5 Août 1940
Je viens de faire quelque chose de mal. De très très mal. Tellement mal que je suis persuadée qu'on va m'envoyer en enfer pour ça. J'ai volé quelque chose à quelqu'un. J'ai même du mal à l'écrire. Cela ne me ressemble pas. Je suis pas une voleuse habituellement. Et s'il le découvre, c'est sûr, je vais passer un très mauvais quart d'heure. Peut-être même que je vais me faire tuer, allons savoir.
Mais je n'ai pas réfléchi ! Je l'ai vu au pied de son lit sans surveillance. Je me suis approchée lentement, et je l'ai pris délicatement. Sans bruit, sans trace, sans preuves. Je ne voulais pas le voler au départ, ce fut plus fort que moi. Je n'ai pas réfléchi une fois que je l'avais dans les mains. J'aurai du le reposer. Il est posé là devant moi sur mon lit. Je n'ose y croire et pourtant, je l'ai fait. J'ai été très imprudente. Comment je vais pouvoir le rendre ? Car il est évident que je vais le remettre à sa place. Devrais-je le perdre ? Ou le garder ? Question de survie.
J'ai devant moi le carnet de Martin. Une sorte de cahier vert avec des bouts cornés et des pages ondulées, comme si elles avaient pris l'eau. Le carnet doit le suivre depuis un certain moment. Je l'ouvre ?
Je l'ai ouvert. J'ai feuilleté les pages délicatement. Je ne veux pas compromettre ce carnet. Une seule déchirure, corne ou marque de crayon viendrait me trahir. J'espère qu'il soupçonnera un de ses camarades. Je ne préfère même pas imaginer ce qu'il se passera s'il apprend que c'est moi qui l'ait. Tout est écrit en allemand dedans. Son écriture est agréable, beaucoup de boucles. Je dirai même qu'il a une écriture féminine. J'ai naïvement pensé qu'il écrirait en français. Au moins, j'aurai pu me mettre quelque chose sous la dent. Je repère des dates, mais elles ne se suivent pas, quelques mots que je reconnais mais je ne saisis pas le sens des phrases. Il y a des « J » majuscules aussi. Il doit sûrement se plaindre de Jäger. Ce « J » revient beaucoup quand même. Et si c'était son journal ? Pourquoi je ne parle pas allemand ??!!!! S'il écrit autant de choses inavouables que moi, je détiens un véritable trésor ! Mais un sacré trésor caché, alors que le mien, il pourrait le lire sans problème. Il faut que je te trouve une meilleure cachette que mon armoire.

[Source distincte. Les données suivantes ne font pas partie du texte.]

text \<open>After normalising one sign to 1, an even function of k \<le> 3 signs takes 2^(k-1) values,
  which the constant and the k(k-1)/2 pair products can match exactly; for k = 4 they cannot.\<close>

lemma even_sign_function_clique_form:
  assumes "finite C" "card C \<le> 3"
    and clique: "\<forall>i\<in>C. \<forall>j\<in>C. i \<noteq> j \<longrightarrow> {i, j} \<in> E" and loops: "\<And>i. {i} \<notin> E"
    and local: "\<And>y y'. \<forall>i\<in>C. y i = y' i \<Longrightarrow> H y = H y'"
    and even: "\<And>y. signs C y \<Longrightarrow> H (\<lambda>i. - y i) = H y"
  shows "\<exists>t s. \<forall>y. signs C y \<longrightarrow> H y + edge_sum C E t (outer y) = s"
proof -
  consider "card C \<le> 1" | "card C = 2" | "card C = 3" using assms(2) by linarith
  then show ?thesis
  proof cases
    case 1
    have "H y + edge_sum C E (\<lambda>_. 0) (outer y) = H (\<lambda>_. 1)" if "signs C y" for y
    proof -
      have "H y = H (\<lambda>_. 1)"
        using assms(1) 1 that local even by (rule even_sign_function_card_le_1)
      then show ?thesis by (simp add: edge_sum_zero_weights)
    qed
    then show ?thesis by (intro exI[of _ "\<lambda>_. 0"] exI[of _ "H (\<lambda>_. 1)"]) simp
  next
    case 2
    then obtain a b where C: "C = {a, b}" "a \<noteq> b" by (auto simp: card_2_iff)
    have "\<exists>t s. \<forall>y. signs {a, b} y \<longrightarrow> H y + t * (y a * y b) = s"
    proof (rule even_sign_function_pair[OF C(2)])
      show "H y = H y'" if "y a = y' a" "y b = y' b" for y y' using that C(1) by (intro local) auto
      show "H (\<lambda>i. - y i) = H y" if "signs {a, b} y" for y using that C(1) by (intro even) auto
    qed
    then obtain t s where ts: "\<forall>y. signs C y \<longrightarrow> H y + t * (y a * y b) = s" using C(1) by blast
    have "edge_sum C E (\<lambda>_. t) (outer y) = t * (y a * y b)" for y
      using C clique loops by (simp add: edge_sum_outer_pair)
    then show ?thesis using ts by (intro exI[of _ "\<lambda>_. t"] exI[of _ s]) simp
  next
    case 3
    then obtain a b c where C: "C = {a, b, c}" "a \<noteq> b" "a \<noteq> c" "b \<noteq> c"
      by (auto simp: card_3_iff)
    have "\<exists>tab tac tbc s. \<forall>y. signs {a, b, c} y \<longrightarrow>
           H y + tab * (y a * y b) + tac * (y a * y c) + tbc * (y b * y c) = s"
    proof (rule even_sign_function_triangle[OF C(2-4)])
      show "H y = H y'" if "y a = y' a" "y b = y' b" "y c = y' c" for y y'
        using that C(1) by (intro local) auto
      show "H (\<lambda>i. - y i) = H y" if "signs {a, b, c} y" for y using that C(1) by (intro even) auto
    qed
    then obtain tab tac tbc s where ts:
      "\<forall>y. signs C y \<longrightarrow> H y + tab * (y a * y b) + tac * (y a * y c) + tbc * (y b * y c) = s"
      using C(1) by blast
    define t where "t e = (if e = {a, b} then tab else if e = {a, c} then tac else tbc)" for e
    have "edge_sum C E t (outer y) = tab * (y a * y b) + tac * (y a * y c) + tbc * (y b * y c)" for y
      using C clique loops by (simp add: edge_sum_outer_triangle t_def doubleton_eq_iff)
    then show ?thesis using ts by (intro exI[of _ t] exI[of _ s]) (simp add: add.assoc)
  qed
qed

Je viens de découvrir une enveloppe. Il y a des lettres à l'intérieur. Je vois que l'un des expéditeurs se nomme Ernst Krause et l'autre Katarina Schmidt. Martin ne m'a jamais parlé de l'un ou de l'autre. J'ai ouvert sa correspondance. Je suis la parfaite incarnation du diable. Pourquoi je fais ça ? Pourquoi ?

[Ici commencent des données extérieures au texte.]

lemma integral_minmax_diff_le_by_leader_value_increments:
  fixes A D :: "nat \<Rightarrow> 'w \<Rightarrow> real" and k :: "nat \<Rightarrow> nat"
  assumes "1 \<le> t" and k: "\<And>n. n \<in> {1..<t} \<Longrightarrow> 1 \<le> k n"
    and D: "\<And>n. n \<in> {1..<t} \<Longrightarrow> integrable M (D n)" "\<And>n \<omega>. n \<in> {1..<t} \<Longrightarrow> 0 \<le> D n \<omega>"
    and step: "\<And>n \<omega>. n \<in> {1..<t} \<Longrightarrow> \<omega> \<in> space M \<Longrightarrow>
      leader_value (n+1) (\<theta> (k n) \<omega>) - leader_value n (\<theta> (k n) \<omega>) \<le> A n \<omega> + D n \<omega>"
  shows "(\<integral>\<omega>. minmax (\<lambda>x y. \<Sum>n\<in>{1..<t}. L n x y) X Y - (\<Sum>n\<in>{1..<t}. A n \<omega>) \<partial>M)
    \<le> (\<Sum>n\<in>{1..<t}. integral\<^sup>L M (D n)) + 2 * ((ln (real CARD('d)) + 1) / \<eta> * xmax)"
proof -
  have "(\<integral>\<omega>. minmax (\<lambda>x y. \<Sum>n\<in>{1..<t}. L n x y) X Y - (\<Sum>n\<in>{1..<t}. A n \<omega>) \<partial>M)
      = (\<integral>\<omega>. (\<Sum>n\<in>{1..<t}. - A n \<omega>) - (- minmax (\<lambda>x y. \<Sum>n\<in>{1..<t}. L n x y) X Y) \<partial>M)"
    by (simp add: sum_negf)
  also have "\<dots> \<le> (\<Sum>n\<in>{1..<t}. integral\<^sup>L M (D n)) + 2 * ((ln (real CARD('d)) + 1) / \<eta> * xmax)"
  proof (rule integral_sum_le_telescoping[where Z = "\<lambda>s n \<omega>. - leader_value s (\<theta> (k n) \<omega>)"
        and e = "\<lambda>s. - (\<integral>\<omega>. leader_value s (\<theta> 1 \<omega>) \<partial>M)" and A = "\<lambda>n \<omega>. - A n \<omega>" and D = D
        and m = "- minmax (\<lambda>x y. \<Sum>n\<in>{1..<t}. L n x y) X Y", OF \<open>1 \<le> t\<close> D(1)])
    show "integrable M (\<lambda>\<omega>. - leader_value s (\<theta> (k n) \<omega>))"
      and "(\<integral>\<omega>. - leader_value s (\<theta> (k n) \<omega>) \<partial>M) = - (\<integral>\<omega>. leader_value s (\<theta> 1 \<omega>) \<partial>M)"
      if "n \<in> {1..<t}" for s n
      using integrable_leader_value[OF k[OF that]] integral_leader_value_eq[OF k[OF that]] by simp_all
    show "- A n \<omega> \<le> D n \<omega> + - leader_value (n+1) (\<theta> (k n) \<omega>) - - leader_value n (\<theta> (k n) \<omega>)"
      if "n \<in> {1..<t}" "\<omega> \<in> space M" for n \<omega>
      using step[OF that] by linarith
    have "0 \<le> (\<Sum>n\<in>{1..<t}. integral\<^sup>L M (D n))"
      using D(2) by (intro sum_nonneg integral_nonneg_AE AE_I2)
    then show "0 \<le> (\<Sum>n\<in>{1..<t}. integral\<^sup>L M (D n)) + 2 * ((ln (real CARD('d)) + 1) / \<eta> * xmax)"
      using regret_constant_nonneg by simp
    show "(\<Sum>n\<in>{1..<t}. integral\<^sup>L M (D n)) + - (\<integral>\<omega>. leader_value t (\<theta> 1 \<omega>) \<partial>M)
        - - (\<integral>\<omega>. leader_value 1 (\<theta> 1 \<omega>) \<partial>M) - - minmax (\<lambda>x y. \<Sum>n\<in>{1..<t}. L n x y) X Y
      \<le> (\<Sum>n\<in>{1..<t}. integral\<^sup>L M (D n)) + 2 * ((ln (real CARD('d)) + 1) / \<eta> * xmax)"
      using abs_integral_leader_value_gap_le[of t] by linarith
  qed
  finally show ?thesis .
qed
(* Let $V$ be a vertex operator algebra of central charge $C$ as described in the context, with $d=\dim V^{(1)}>0$, basis $\{u_\alpha\}$ of $V^{(1)}$ and dual basis $\{u^\alpha\}$ ($\langle u^\alpha,u_\beta\rangle=\delta^\alpha_\beta$). For $a,b\in V^{(1)}$ let $F(a,b;x,y)=\sum_\alpha\langle a,Y(u^\alpha,x)Y(u_\alpha,y)b\rangle$, which is (the expansion in $|x|>|y|$ of) a rational function $G(a,b;x,y)/(x^2y^2(x-y)^2)$ with $G$ a homogeneous symmetric polynomial of degree $4$ in $x,y$, written as $$G(a,b;x,y)=P(a,b)x^2y^2+Q(a,b)xy(x-y)^2+R(a,b)(x-y)^4.$$ Then $$P(a,b)=-d\langle a,b\rangle,\qquad Q(a,b)=K(a,b)-2\langle a,b\rangle,\qquad R(a,b)=-\langle a,b\rangle,$$ where $K(a,b)=\mathrm{Tr}_{V^{(1)}}(a_0b_0)$.
   Context: A vertex operator algebra (VOA) $V=\bigoplus_{k\ge0}V^{(k)}$ is $\mathbb Z$-graded with $\dim V^{(k)}<\infty$, $V^{(0)}=\mathbb C\mathbf 1$, and for each $a\in V^{(k)}$ a vertex operator $Y(a,z)=\sum_{n\in\mathbb Z}a_nz^{-n-k}$ with $a_{-k}\mathbf 1=a$, $Y(\mathbf 1,z)=\mathrm{Id}_V$; there is a conformal vector $\omega\in V^{(2)}$ with $Y(\omega,z)=\sum_nL_nz^{-n-2}$, the $L_n$ satisfying the Virasoro algebra of central charge $C$, $L_0$ acting on $V^{(k)}$ as $k$, $Y(L_{-1}a,z)=\partial_zY(a,z)$, and locality holds. It is assumed that $L_1v=0$ for all $v\in V^{(1)}$ and that $V$ carries the Li–Zamolodchikov metric: the unique symmetric invariant bilinear form with $\langle\mathbf 1,\mathbf 1\rangle=1$ and $\langle Y(e^{zL_1}(-z^{-2})^{L_0}c,1/z)a,b\rangle=\langle a,Y(c,z)b\rangle$ for all $a,b,c\in V$, assumed non-degenerate. $V^{(1)}$ is a Lie algebra under $[a,b]=a_0b$, and $K$ is its Killing form $K(a,b)=\mathrm{Tr}_{V^{(1)}}(\mathrm{ad}(a)\mathrm{ad}(b))$, $\mathrm{ad}(a)=a_0|_{V^{(1)}}$. *)

theory Defs
  imports Complex_Main
begin
(* Consider $n$ agents over a fixed undirected connected graph with symmetric nonnegative weights $a_{ij}$ ($a_{ij}>0$ iff $i,j$ are neighbors). Assume the CFP solution set $\mathbf{X}^*$ is non-empty and there is $K\ge0$ with $\|\nabla g_i^+(x)\|\le K$ for all $x$ and $i$. Let $\{\alpha(t)\},\{\beta(t)\}$ satisfy (a) $\alpha(t)\in[0,1]$, $\sum_t\alpha(t)=\infty$, $\sum_t\alpha^2(t)<\infty$; (b) $\beta(t)\ge0$, $\sum_t\beta(t)=\infty$, $\sum_t\beta^2(t)<\infty$. Let $0<h<\frac{1}{\max_{1\le i\le n}\sum_{j=1}^n a_{ij}}$. The states $x_i(t)\in\mathbb{R}^m$ evolve by $x_i(t+1)=x_i(t)+u_i(t)$ with $$y_i(t)=x_i(t)+h\sum_{j\in N_i}a_{ij}(x_j(t)-x_i(t)),\ \nabla_i(t)=\beta(t)\nabla g_i^+(y_i(t)),\ \xi_i(t)=y_i(t)-\nabla_i(t),$$ $$\varphi_i(t)=\alpha(t)\big(\xi_i(t)-P_{X_i}(\xi_i(t))\big),\ u_i(t)=h\sum_{j\in N_i}a_{ij}(x_j(t)-x_i(t))-\nabla_i(t)-\varphi_i(t).$$ Then the agents reach consensus asymptotically and there is $x^*\in\mathbf{X}^*$ with $\lim_{t\to\infty}x_i(t)=x^*$ for all $i$.
   Context: For each $i$, $g_i:\mathbb{R}^m\to\mathbb{R}$ convex continuous, $X_i\subset\mathbb{R}^m$ closed convex, $X=\bigcap_iX_i$; the CFP asks for $x$ with $g_i(x)\le0$ for all $i$ and $x\in X$, with solution set $\mathbf{X}^*$. $g_i^+=\max[g_i,0]$; $\nabla g_i^+(y)$ a subgradient of $g_i^+$ at $y$ (chosen as $0$ if $g_i(y)\le0$ and as a subgradient of $g_i$ otherwise); $P_{X_i}$ Euclidean projection onto $X_i$. Consensus means $\|x_i(t)-x_j(t)\|\to0$ for all $i,j$. *)

theory Defs
  imports "HOL-Analysis.Analysis"
begin

definition graph_edges :: "nat \<Rightarrow> (nat \<Rightarrow> nat \<Rightarrow> real) \<Rightarrow> (nat \<times> nat) set" where
  "graph_edges n a = {(i, j). i < n \<and> j < n \<and> a i j > 0}"

definition connected_graph :: "nat \<Rightarrow> (nat \<Rightarrow> nat \<Rightarrow> real) \<Rightarrow> bool" where
  "connected_graph n a \<longleftrightarrow> (\<forall>i<n. \<forall>j<n. (i, j) \<in> (graph_edges n a)\<^sup>*)"

definition cfp_solutions :: "nat \<Rightarrow> (nat \<Rightarrow> 'a \<Rightarrow> real) \<Rightarrow> (nat \<Rightarrow> 'a set) \<Rightarrow> 'a set" where
  "cfp_solutions n g X = {x. (\<forall>i<n. g i x \<le> 0) \<and> x \<in> (\<Inter>i\<in>{..<n}. X i)}"

text \<open>dgp is a selection of subgradients of g_i^+ = max (g_i) 0 as in the paper:
  0 where g_i(y) \<le> 0, and a subgradient of g_i otherwise.\<close>
definition is_plus_subgrad_selection ::
  "('a::real_inner \<Rightarrow> real) \<Rightarrow> ('a \<Rightarrow> 'a) \<Rightarrow> bool" where
  "is_plus_subgrad_selection gi dgi \<longleftrightarrow>
     (\<forall>y. (gi y \<le> 0 \<longrightarrow> dgi y = 0) \<and>
          (gi y > 0 \<longrightarrow> (\<forall>z. gi z \<ge> gi y + dgi y \<bullet> (z - y))))"

end

theory Submission
  imports Defs
begin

Sur la lettre de Ernst, j'ai distingué le mot « Freund ». Je me souviens que cela veut dire « ami ». Ernst est donc un ami de Martin. Il doit même être un ami assez proche pour lui écrire pendant la guerre. La lettre de Katarina m'a donné mal au ventre. « Ich küsse dich », « Meine Liebe », un cœur dessiné. Je ne suis pas dupe... Une boule s'est formée dans ma gorge. Je reconnais bien ces mots là. Cette Katarina doit être sa petite amie. Ou pire, sa fiancée ou sa femme. Martin a 23 ans, il doit avoir une vie. Ce qui ferait de moi... Rien, en fait vu qu'il ne se passe des choses que dans ma tête ! Je ne suis rien pour lui. Ouf ! J'aurai pu avoir le titre de Maîtresse en chef !
Tiens le prénom de Colette apparaît aussi. Enfin je le déchiffre. « Kolett ». L'écriture a l'air plus vive. Les traits sont plus vifs, tirés. Plus aucune boucle, que des traits. C'et une lettre qu'il est en train d'écrire, pas encore postée. Surement pour son ami Ernst.
Ceci dit, « J », ça peut aussi dire Joséphine.